(Dataset entries)
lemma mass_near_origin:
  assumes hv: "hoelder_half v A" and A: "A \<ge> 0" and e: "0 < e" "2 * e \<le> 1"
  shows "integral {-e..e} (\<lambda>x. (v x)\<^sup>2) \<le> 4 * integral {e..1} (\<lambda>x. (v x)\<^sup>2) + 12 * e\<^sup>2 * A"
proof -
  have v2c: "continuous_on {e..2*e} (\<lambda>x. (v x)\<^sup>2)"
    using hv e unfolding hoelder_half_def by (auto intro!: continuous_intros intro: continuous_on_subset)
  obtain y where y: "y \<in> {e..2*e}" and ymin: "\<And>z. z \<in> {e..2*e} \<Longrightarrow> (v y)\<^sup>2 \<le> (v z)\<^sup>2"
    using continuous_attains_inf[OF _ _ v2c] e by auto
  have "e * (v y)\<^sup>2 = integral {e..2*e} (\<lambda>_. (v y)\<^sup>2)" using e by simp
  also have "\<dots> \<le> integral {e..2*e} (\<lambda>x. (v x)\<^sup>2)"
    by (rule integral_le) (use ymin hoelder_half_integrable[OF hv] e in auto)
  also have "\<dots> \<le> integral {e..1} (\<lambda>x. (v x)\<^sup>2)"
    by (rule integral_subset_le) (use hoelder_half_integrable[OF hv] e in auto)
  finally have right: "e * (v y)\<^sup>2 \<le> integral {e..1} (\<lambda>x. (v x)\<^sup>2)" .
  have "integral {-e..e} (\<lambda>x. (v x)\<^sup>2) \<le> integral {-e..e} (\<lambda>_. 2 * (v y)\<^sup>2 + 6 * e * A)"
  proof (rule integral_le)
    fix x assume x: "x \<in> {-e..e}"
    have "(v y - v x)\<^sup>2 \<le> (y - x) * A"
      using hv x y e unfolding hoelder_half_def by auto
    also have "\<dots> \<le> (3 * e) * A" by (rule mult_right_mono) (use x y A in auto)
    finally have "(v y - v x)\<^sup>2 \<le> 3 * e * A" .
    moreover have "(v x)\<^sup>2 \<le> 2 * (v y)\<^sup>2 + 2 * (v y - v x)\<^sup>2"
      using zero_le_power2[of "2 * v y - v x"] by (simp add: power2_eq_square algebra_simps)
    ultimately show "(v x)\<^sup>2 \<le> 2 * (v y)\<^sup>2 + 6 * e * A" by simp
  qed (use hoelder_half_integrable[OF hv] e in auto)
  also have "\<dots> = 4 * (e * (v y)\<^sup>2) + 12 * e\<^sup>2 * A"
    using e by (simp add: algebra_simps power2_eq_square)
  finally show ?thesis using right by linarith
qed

* Your instructions *
Which lines in the data above hold the word "have"? Return each of them.

* Answer to this exercise *
  have v2c: "continuous_on {e..2*e} (\<lambda>x. (v x)\<^sup>2)"
  have "e * (v y)\<^sup>2 = integral {e..2*e} (\<lambda>_. (v y)\<^sup>2)" using e by simp
  also have "\<dots> \<le> integral {e..2*e} (\<lambda>x. (v x)\<^sup>2)"
  also have "\<dots> \<le> integral {e..1} (\<lambda>x. (v x)\<^sup>2)"
  finally have right: "e * (v y)\<^sup>2 \<le> integral {e..1} (\<lambda>x. (v x)\<^sup>2)" .
  have "integral {-e..e} (\<lambda>x. (v x)\<^sup>2) \<le> integral {-e..e} (\<lambda>_. 2 * (v y)\<^sup>2 + 6 * e * A)"
    have "(v y - v x)\<^sup>2 \<le> (y - x) * A"
    also have "\<dots> \<le> (3 * e) * A" by (rule mult_right_mono) (use x y A in auto)
    finally have "(v y - v x)\<^sup>2 \<le> 3 * e * A" .
    moreover have "(v x)\<^sup>2 \<le> 2 * (v y)\<^sup>2 + 2 * (v y - v x)\<^sup>2"
  also have "\<dots> = 4 * (e * (v y)\<^sup>2) + 12 * e\<^sup>2 * A"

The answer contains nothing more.